Anton read a few prayers about nothing becoming something, about the generosity of Christianity, about saints and sins and heaven and love. Divine love. And I tried to pay attention to all he was saying but couldn’t. I didn’t care. No one paid attention but Caroline and Jane, who both prayed with Anton. Caroline reminded me of the Virgin, the way she folded her hands in prayer. Timothy spit spitballs at our feet and Sofia polished her nails. Julia stood near me. The sound of Anton’s words soothed, and I thought of his soft hand patting my head. Nicholas filmed the scene, pausing now and again to listen to Anton. Nicholas looked pale and sick, as if he could throw up at any second. He’d had too much to drink the night before.
Finny’s presents were a colorful heap on the table, with the IOU taped to one of the boxes. Anton’s glasses rested on the end of his nose and he studied the pages of his book earnestly, squinting. He seemed gentle and almost beautiful. He wore a long white cotton tunic with an embroidered yoke. He was comforting and the shirt billowed away from his body. I looked at his hands. I looked at Finny, standing in the group impatiently, kicking the dust; I wondered if he knew what was coming.

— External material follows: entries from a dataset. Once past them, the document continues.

lemma is_sol_vanishing_on_right:
  assumes k: "0 < k1" "k1 < k2" and d: "0 < d" and \<xi>: "\<bar>\<xi>\<bar> \<noteq> k1" "\<bar>\<xi>\<bar> \<noteq> k2"
    and sol: "is_sol k1 k2 d \<xi> w" and right: "\<And>t. d < t \<Longrightarrow> w t = 0"
  shows "w t = 0"
proof -
  let ?\<kappa> = "kappa k1 \<xi>" and ?\<mu> = "kappa k2 \<xi>"
  have nz: "?\<kappa> \<noteq> 0" "?\<mu> \<noteq> 0" using k \<xi> kappa_nonzero[of k1 \<xi>] kappa_nonzero[of k2 \<xi>] by auto
  have sq: "?\<kappa>\<^sup>2 = of_real (k1\<^sup>2 - \<xi>\<^sup>2)" "?\<mu>\<^sup>2 = of_real (k2\<^sup>2 - \<xi>\<^sup>2)"
    using k kappa_squared[of k1 \<xi>] kappa_squared[of k2 \<xi>] by auto
  obtain w' where cw': "continuous_on UNIV w'" and dw: "\<And>t. (w has_vector_derivative w' t) (at t)"
    and dw': "\<And>t. t \<noteq> d \<and> t \<noteq> -d \<Longrightarrow>
       (w' has_vector_derivative complex_of_real (\<xi>\<^sup>2 - k1\<^sup>2 - qpot k1 k2 d t) * w t) (at t)"
    using sol unfolding is_sol_def by blast
  have cw: "continuous_on UNIV w"
    using dw by (intro continuous_on_vector_derivative) (auto intro: has_vector_derivative_at_within)
  have dw'_in: "(w' has_vector_derivative (- ?\<mu>\<^sup>2) * w t) (at t)" if "\<bar>t\<bar> < d" for t
  proof -
    have "complex_of_real (\<xi>\<^sup>2 - k1\<^sup>2 - qpot k1 k2 d t) = - ?\<mu>\<^sup>2"
      using that sq by (auto simp: qpot_inside)
    moreover have "t \<noteq> d \<and> t \<noteq> -d" using that by auto
    ultimately show ?thesis using dw' by metis
  qed
  have dw'_out: "(w' has_vector_derivative (- ?\<kappa>\<^sup>2) * w t) (at t)" if "d < \<bar>t\<bar>" for t
  proof -
    have "complex_of_real (\<xi>\<^sup>2 - k1\<^sup>2 - qpot k1 k2 d t) = - ?\<kappa>\<^sup>2"
      using that sq by (auto simp: qpot_outside)
    moreover have "t \<noteq> d \<and> t \<noteq> -d" using that d by auto
    ultimately show ?thesis using dw' by metis
  qed
  have w'_right: "w' t = 0" if "d < t" for t
    by (rule has_vector_derivative_vanishing_near[OF dw, where S="{d<..}"]) (use that right in auto)
  have cw_on: "continuous_on S w" "continuous_on S w'" for S
    using continuous_on_subset[OF cw subset_UNIV] continuous_on_subset[OF cw' subset_UNIV] by auto
  have data_d: "w d = 0" "w' d = 0"
    using continuous_vanishing_on_closure[OF cw, of "{d<..}"]
      continuous_vanishing_on_closure[OF cw', of "{d<..}"] right w'_right by auto
  have w_mid: "w t = 0" if "t \<in> {-d..d}" for t
  proof (rule trig_ode_zero_data_imp_zero[of ?\<mu> "{-d..d}" "{-d, d}" d w w'])
    show "(w' has_vector_derivative - ?\<mu>\<^sup>2 * w s) (at s)" if "s \<in> {-d..d} - {-d, d}" for s
      using that by (intro dw'_in) auto
  qed (use that d nz dw cw_on data_d in auto)
  have w'_mid: "w' t = 0" if "t \<in> {-d<..<d}" for t
    by (rule has_vector_derivative_vanishing_near[OF dw, where S="{-d<..<d}"]) (use that w_mid in auto)
  have "-d \<in> closure {-d<..<d}" using d by simp
  then have "w' (-d) = 0"
    using continuous_vanishing_on_closure[OF cw', of "{-d<..<d}" "-d"] w'_mid by blast
  then have data_minus_d: "w (-d) = 0" "w' (-d) = 0" using w_mid d by auto
  have w_left: "w t = 0" if "t \<in> {..-d}" for t
  proof (rule trig_ode_zero_data_imp_zero[of ?\<kappa> "{..-d}" "{-d}" "-d" w w'])
    show "(w' has_vector_derivative - ?\<kappa>\<^sup>2 * w s) (at s)" if "s \<in> {..-d} - {-d}" for s
      using that d by (intro dw'_out) auto
  qed (use that nz dw cw_on data_minus_d in auto)
  show ?thesis
    using right w_mid w_left by (cases "d < t"; cases "t < -d") auto
qed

“The beauty of Christianity,” Anton said, “is forgiveness. To learn that Christ loves you and forgives you is to be saved.” Anton spoke on about forgiveness and generosity. Forgiveness. I didn’t know anything much about religion, but it seemed both grand yet nearby in him. The wind fluttered the napkins on the picnic table. The moon was still in the sky, thin and transparent, from the night before, and that worried me. I thought it should be somewhere else.

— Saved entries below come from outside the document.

(* There exists a finite planar graph $G$ such that the vertices of $G$ cannot be non-repetitively coloured using fewer than seven colours; that is, every non-repetitive vertex colouring of $G$ uses at least seven colours.
   Context: A finite sequence $a_1a_2\cdots a_n$ is called non-repetitive if it contains no two identical adjacent blocks, i.e. there are no $i$ and $m\ge 1$ with $i+2m-1\le n$ and $a_{i+j}=a_{i+m+j}$ for all $0\le j<m$. A vertex colouring of a graph $G$ is called non-repetitive if for every path $v_1v_2\cdots v_n$ in $G$ with distinct vertices, the sequence of colours of $v_1,\dots,v_n$ is non-repetitive. *)

theory Defs
  imports "HOL-Analysis.Analysis"
begin

definition finite_simple_graph :: "'a set \<Rightarrow> 'a set set \<Rightarrow> bool" where
  "finite_simple_graph V E \<longleftrightarrow> finite V \<and> (\<forall>e\<in>E. e \<subseteq> V \<and> card e = 2)"

definition planar :: "'a set \<Rightarrow> 'a set set \<Rightarrow> bool" where
  "planar V E \<longleftrightarrow>
     (\<exists>(p :: 'a \<Rightarrow> real^2) (\<gamma> :: 'a set \<Rightarrow> real \<Rightarrow> real^2).
        inj_on p V \<and>
        (\<forall>e\<in>E. arc (\<gamma> e) \<and> {pathstart (\<gamma> e), pathfinish (\<gamma> e)} = p ` e \<and>
                 (\<forall>v\<in>V. p v \<in> path_image (\<gamma> e) \<longrightarrow> v \<in> e)) \<and>
        (\<forall>e\<in>E. \<forall>f\<in>E. e \<noteq> f \<longrightarrow> path_image (\<gamma> e) \<inter> path_image (\<gamma> f) \<subseteq> p ` (e \<inter> f)))"

definition nonrepetitive_seq :: "'c list \<Rightarrow> bool" where
  "nonrepetitive_seq xs \<longleftrightarrow>
     \<not> (\<exists>i m. m \<ge> 1 \<and> i + 2 * m \<le> length xs \<and>
              (\<forall>j<m. xs ! (i + j) = xs ! (i + m + j)))"

definition graph_path :: "'a set \<Rightarrow> 'a set set \<Rightarrow> 'a list \<Rightarrow> bool" where
  "graph_path V E vs \<longleftrightarrow> vs \<noteq> [] \<and> set vs \<subseteq> V \<and> distinct vs \<and>
     (\<forall>i. Suc i < length vs \<longrightarrow> {vs ! i, vs ! Suc i} \<in> E)"

definition nonrepetitive_colouring :: "'a set \<Rightarrow> 'a set set \<Rightarrow> ('a \<Rightarrow> 'c) \<Rightarrow> bool" where
  "nonrepetitive_colouring V E c \<longleftrightarrow>
     (\<forall>vs. graph_path V E vs \<longrightarrow> nonrepetitive_seq (map c vs))"

end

When Anton finished preaching, Mom led Finny away to the camper with a handful of dishes. Jane pulled me close to her. I knew this kind o
f thing would make Jane sad. I hoped she wouldn’t cry. Sometimes it was as if all the pain in the world went through Jane.

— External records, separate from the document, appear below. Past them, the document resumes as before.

(* Let $\mathcal{G}=(\mathcal{V},\mathcal{E})$ be an undirected graph with $n$ nodes and $E$ edges, in which every node has at least one neighbor, with incidence matrix $A\in\mathbb{R}^{n\times E}$. For each node $i$ let $f_i:\mathbb{R}\to\mathbb{R}$ be $M_i$-smooth and $\mu_i$-strongly convex, let $F(\lambda)=\sum_{i=1}^n f_i^*(u_i^TA\lambda)$ for $\lambda\in\mathbb{R}^E$, and let $\lambda^*$ be a minimizer of $F$. Consider the Set-wise Uniform Coordinate Descent (SU-CD) iteration: at each iteration $k$, a node $i$ is sampled uniformly at random from $\{1,\dots,n\}$, then an edge $\ell$ is sampled uniformly at random from $\mathcal{S}_i$, and one sets $\lambda^{k+1}=\lambda^k-\frac{1}{L}\nabla_\ell F(\lambda^k)e_\ell$. Then for every $k$, $$\mathbb{E}[F(\lambda^{k+1})\mid\lambda^k]-F(\lambda^* )\le\left(1-\frac{2\sigma_A}{L\,n\,N_{\max}}\right)\left[F(\lambda^k)-F(\lambda^* )\right].$$
   Context: The incidence matrix $A$ has, in each column $\ell$ (edge $\ell\equiv(i,j)$), one entry $+1$ and one entry $-1$ in the rows of the endpoints $i,j$ (signs arbitrary), and zeros elsewhere. $u_i\in\mathbb{R}^n$ and $e_\ell\in\mathbb{R}^E$ are standard basis vectors; $f_i^*(y)=\sup_x(yx-f_i(x))$ is the Fenchel conjugate; $\nabla_\ell F(\lambda)=\partial F(\lambda)/\partial\lambda_\ell$. $\mathcal{S}_i$ is the set of edges incident to node $i$, $N_i=|\mathcal{S}_i|$, $N_{\max}=\max_iN_i$. $M_{\max}=\max_iM_i$, $\mu_{\min}=\min_i\mu_i$. Let $\gamma_{\max}$ be the largest eigenvalue and $\gamma^+_{\min}$ the smallest strictly positive eigenvalue of $A^TA$ (equivalently of the graph Laplacian $AA^T$). Then $L=\gamma_{\max}/\mu_{\min}$ (a smoothness constant of $F$) and $\sigma_A=\gamma^+_{\min}/M_{\max}$. The sampling at different iterations is independent. *)

theory Defs
  imports "HOL-Analysis.Analysis" "HOL-Probability.Probability"
begin

text \<open>Incidence matrix of a graph whose edges (type 'e) have endpoints ends l = (a, b):
  +1 in row a, -1 in row b (orientation arbitrary), zero elsewhere.\<close>
definition incidence :: "('e \<Rightarrow> 'n \<times> 'n) \<Rightarrow> real^'e^'n" where
  "incidence ends = (\<chi> i l. if i = fst (ends l) then 1 else if i = snd (ends l) then -1 else 0)"

definition incident_edges :: "('e \<Rightarrow> 'n \<times> 'n) \<Rightarrow> 'n \<Rightarrow> 'e set" where
  "incident_edges ends i = {l. i = fst (ends l) \<or> i = snd (ends l)}"

definition smooth_with :: "real \<Rightarrow> (real \<Rightarrow> real) \<Rightarrow> bool" where
  "smooth_with M f \<longleftrightarrow> (\<forall>x. f differentiable (at x)) \<and>
     (\<forall>x y. \<bar>deriv f x - deriv f y\<bar> \<le> M * \<bar>x - y\<bar>)"

definition strongly_convex :: "real \<Rightarrow> (real \<Rightarrow> real) \<Rightarrow> bool" where
  "strongly_convex mu f \<longleftrightarrow> convex_on UNIV (\<lambda>x. f x - mu / 2 * x\<^sup>2)"

definition fenchel_conj :: "(real \<Rightarrow> real) \<Rightarrow> real \<Rightarrow> real" where
  "fenchel_conj f y = (SUP x. y * x - f x)"

definition eigenvalues :: "real^'e^'e \<Rightarrow> real set" where
  "eigenvalues M = {g. \<exists>v. v \<noteq> 0 \<and> M *v v = g *\<^sub>R v}"

definition partial_deriv :: "(real^'e \<Rightarrow> real) \<Rightarrow> real^'e \<Rightarrow> 'e \<Rightarrow> real" where
  "partial_deriv F x l = deriv (\<lambda>t. F (x + t *\<^sub>R axis l 1)) 0"

end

“I’m including the Coopers and James in this because we’re all family here.” James stood there awkwardly and uncomfortably, smoking a cigarette he’d rolled himself. I worried he wouldn’t like us anymore, knowing so much about us. Anton stared at the ground. “No need to keep anything from anybody. Today I’m going to tell Finny about his mother. As my kids already know, he has a different mother. This won’t be easy for him, so I want you all to be supportive.” He spoke with a penitent voice. He talked about mistakes and about how good things come from mistakes. He said Jesus had been a mistake, which I really didn’t understand and it confused me when I thought about it so I didn’t for very long. It seemed like it was painful for Anton to talk. His eyes couldn’t meet ours and his head jerked a bit. “I was selfish,” he said. “Too stupidly Catholic to believe in divorce then.” He fingered his chin and held back tears. He waited until they passed to speak. “Selfish. I wouldn’t let his mother have him.” I was sorry for Anton. I thought he might cry, but instead he read a prayer.
When Mom and Finny came back, Anton took Finny for a walk. As they walked away across that brown parched land, they became smaller and smaller, two specks in the distance, the tufa towers rising all around. I had a hollow feeling in the pit of my stomach, watching Finny’s long hair. His snarled curls. His plaid pants hung low on his hips. The cuffs dragged in the dirt. His enormous hand clasped Anton’s. I held my rock and thought about my father, the day that he left. I thought about us being here and then I thought about the moon and the men landing on the moon and I looked up at it and then looked around and I imagined this was how the moon would be and I knew Finny was about to lose a lot. His world was about to alter permanently, half of it draining out of him to evaporate in this lonely landscape. I stood there watching as he receded into space, wanting to scream for him to stop, as if I could save him. Sand blew into my sandals, between my toes.